Dataset entries
[Start of Attachment]

theorem lemma2p2:
  fixes X :: "'a topology"
  assumes "Hausdorff_space X"
    and "no_isolated_points X"
    and "\<exists>\<sigma>. bob_winning X \<sigma>"
  shows "\<exists>\<sigma>. bob_winning X \<sigma> \<and>
           (\<forall>A0 fs. alice_legal X \<sigma> A0 fs \<longrightarrow> pairwise disjnt (\<sigma> A0 fs))"
proof -
  obtain \<sigma> where winning: "bob_winning X \<sigma>" using assms(3) by blast
  then have strategy: "bob_strategy X \<sigma>" by (simp add: bob_winning_def)
  have "bob_winning X (disjoint_strategy X \<sigma>)"
    using assms(1,2) strategy winning by (rule bob_winning_disjoint_strategy)
  moreover have "\<forall>A0 fs. alice_legal X (disjoint_strategy X \<sigma>) A0 fs \<longrightarrow>
      pairwise disjnt (disjoint_strategy X \<sigma> A0 fs)"
    using disjoint_strategy_pairwise_disjnt[OF assms(1,2) strategy] by blast
  ultimately show ?thesis by blast
qed

end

[End of Attachment]

### What to produce
Please give a count of the lines in the records where the word "have" occurs, with nothing besides it.

### Answer
3